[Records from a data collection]
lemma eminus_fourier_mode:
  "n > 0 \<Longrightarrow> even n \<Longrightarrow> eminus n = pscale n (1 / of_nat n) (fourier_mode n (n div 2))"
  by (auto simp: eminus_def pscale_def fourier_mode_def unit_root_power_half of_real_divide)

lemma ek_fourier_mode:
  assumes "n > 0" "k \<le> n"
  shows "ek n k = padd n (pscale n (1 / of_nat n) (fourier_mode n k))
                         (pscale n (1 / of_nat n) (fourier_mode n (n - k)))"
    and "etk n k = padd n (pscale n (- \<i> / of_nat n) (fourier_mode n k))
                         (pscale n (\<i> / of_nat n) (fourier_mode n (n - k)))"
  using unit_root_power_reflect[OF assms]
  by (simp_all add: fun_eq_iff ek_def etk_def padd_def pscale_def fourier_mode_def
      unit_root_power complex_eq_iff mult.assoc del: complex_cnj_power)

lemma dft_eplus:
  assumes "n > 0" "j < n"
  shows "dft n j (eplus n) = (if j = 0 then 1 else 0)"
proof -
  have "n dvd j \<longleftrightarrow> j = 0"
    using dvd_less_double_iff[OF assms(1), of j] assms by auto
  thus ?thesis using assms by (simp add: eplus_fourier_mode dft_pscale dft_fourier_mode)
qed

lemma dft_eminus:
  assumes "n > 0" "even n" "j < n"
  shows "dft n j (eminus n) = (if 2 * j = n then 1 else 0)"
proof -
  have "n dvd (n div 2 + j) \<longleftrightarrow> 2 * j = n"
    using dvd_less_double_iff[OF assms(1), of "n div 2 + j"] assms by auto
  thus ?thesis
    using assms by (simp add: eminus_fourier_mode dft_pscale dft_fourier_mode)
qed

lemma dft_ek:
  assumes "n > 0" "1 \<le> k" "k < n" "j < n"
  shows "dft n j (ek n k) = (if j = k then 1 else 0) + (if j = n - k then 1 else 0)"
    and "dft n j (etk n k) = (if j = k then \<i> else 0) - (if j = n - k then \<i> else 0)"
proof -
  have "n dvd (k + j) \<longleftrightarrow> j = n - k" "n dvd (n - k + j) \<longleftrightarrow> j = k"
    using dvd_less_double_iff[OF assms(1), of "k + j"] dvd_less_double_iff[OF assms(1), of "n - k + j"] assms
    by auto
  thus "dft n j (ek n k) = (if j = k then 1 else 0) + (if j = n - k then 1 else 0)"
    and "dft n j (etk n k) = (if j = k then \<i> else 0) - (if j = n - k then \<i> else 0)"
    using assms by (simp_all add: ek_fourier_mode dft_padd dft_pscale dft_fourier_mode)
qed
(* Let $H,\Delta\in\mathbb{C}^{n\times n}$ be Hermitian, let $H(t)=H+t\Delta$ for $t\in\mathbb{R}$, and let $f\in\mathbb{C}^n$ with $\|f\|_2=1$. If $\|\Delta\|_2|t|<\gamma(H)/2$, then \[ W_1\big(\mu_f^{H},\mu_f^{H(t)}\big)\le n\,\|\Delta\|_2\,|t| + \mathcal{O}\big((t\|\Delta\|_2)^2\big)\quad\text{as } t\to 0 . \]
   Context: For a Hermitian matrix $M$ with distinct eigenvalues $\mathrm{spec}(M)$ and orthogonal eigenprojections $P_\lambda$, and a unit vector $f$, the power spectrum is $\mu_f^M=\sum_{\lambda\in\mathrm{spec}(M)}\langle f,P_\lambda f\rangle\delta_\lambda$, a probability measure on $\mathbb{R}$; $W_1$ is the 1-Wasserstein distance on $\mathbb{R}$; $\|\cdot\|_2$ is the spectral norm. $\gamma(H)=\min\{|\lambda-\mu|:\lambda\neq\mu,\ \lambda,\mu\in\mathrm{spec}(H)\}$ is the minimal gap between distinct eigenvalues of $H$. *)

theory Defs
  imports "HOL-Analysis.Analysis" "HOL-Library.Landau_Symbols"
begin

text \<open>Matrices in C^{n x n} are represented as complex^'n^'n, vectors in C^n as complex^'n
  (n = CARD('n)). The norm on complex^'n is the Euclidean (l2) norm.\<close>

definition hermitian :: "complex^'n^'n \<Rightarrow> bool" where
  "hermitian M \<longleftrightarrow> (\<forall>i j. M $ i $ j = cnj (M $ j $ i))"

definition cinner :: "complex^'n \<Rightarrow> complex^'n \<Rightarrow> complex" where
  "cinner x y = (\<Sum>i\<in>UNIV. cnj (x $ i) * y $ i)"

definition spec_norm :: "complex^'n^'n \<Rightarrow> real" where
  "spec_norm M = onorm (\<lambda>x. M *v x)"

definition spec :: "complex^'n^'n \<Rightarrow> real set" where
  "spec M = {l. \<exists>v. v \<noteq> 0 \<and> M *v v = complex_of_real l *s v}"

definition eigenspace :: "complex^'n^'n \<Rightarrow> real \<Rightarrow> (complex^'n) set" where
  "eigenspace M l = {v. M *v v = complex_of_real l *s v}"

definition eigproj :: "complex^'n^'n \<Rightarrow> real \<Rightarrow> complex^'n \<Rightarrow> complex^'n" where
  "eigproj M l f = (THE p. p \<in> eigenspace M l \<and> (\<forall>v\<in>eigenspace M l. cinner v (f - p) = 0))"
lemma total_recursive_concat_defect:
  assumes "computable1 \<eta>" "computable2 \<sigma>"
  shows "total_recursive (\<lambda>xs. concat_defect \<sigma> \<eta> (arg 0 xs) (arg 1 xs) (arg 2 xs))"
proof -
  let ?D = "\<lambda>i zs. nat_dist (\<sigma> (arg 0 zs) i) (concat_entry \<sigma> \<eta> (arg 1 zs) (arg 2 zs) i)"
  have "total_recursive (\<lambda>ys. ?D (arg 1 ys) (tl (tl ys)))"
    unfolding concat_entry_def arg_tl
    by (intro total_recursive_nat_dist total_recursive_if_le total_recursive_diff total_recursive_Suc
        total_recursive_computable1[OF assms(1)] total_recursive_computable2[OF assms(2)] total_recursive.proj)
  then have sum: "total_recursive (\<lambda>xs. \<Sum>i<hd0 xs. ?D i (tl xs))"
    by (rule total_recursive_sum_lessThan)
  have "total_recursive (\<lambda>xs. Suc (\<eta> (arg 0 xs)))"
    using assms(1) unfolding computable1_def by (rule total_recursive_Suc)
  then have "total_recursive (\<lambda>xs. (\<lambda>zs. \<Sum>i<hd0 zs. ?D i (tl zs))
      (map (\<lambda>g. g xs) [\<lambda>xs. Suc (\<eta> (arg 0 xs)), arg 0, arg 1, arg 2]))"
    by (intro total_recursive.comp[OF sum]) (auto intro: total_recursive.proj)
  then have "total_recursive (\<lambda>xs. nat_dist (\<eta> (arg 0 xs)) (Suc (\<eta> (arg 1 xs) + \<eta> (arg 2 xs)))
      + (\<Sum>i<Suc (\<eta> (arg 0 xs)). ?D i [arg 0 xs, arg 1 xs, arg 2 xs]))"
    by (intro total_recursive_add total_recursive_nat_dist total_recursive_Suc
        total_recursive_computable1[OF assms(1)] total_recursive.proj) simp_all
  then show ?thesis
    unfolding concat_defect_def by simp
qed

**Instructions to follow**
Only the lines from the first line of the records through the one containing "(1 / of_nat n) (fourier_mode n k))" should be reproduced, exactly, with both of them included.

**Task output**
lemma eminus_fourier_mode:
  "n > 0 \<Longrightarrow> even n \<Longrightarrow> eminus n = pscale n (1 / of_nat n) (fourier_mode n (n div 2))"
  by (auto simp: eminus_def pscale_def fourier_mode_def unit_root_power_half of_real_divide)

lemma ek_fourier_mode:
  assumes "n > 0" "k \<le> n"
  shows "ek n k = padd n (pscale n (1 / of_nat n) (fourier_mode n k))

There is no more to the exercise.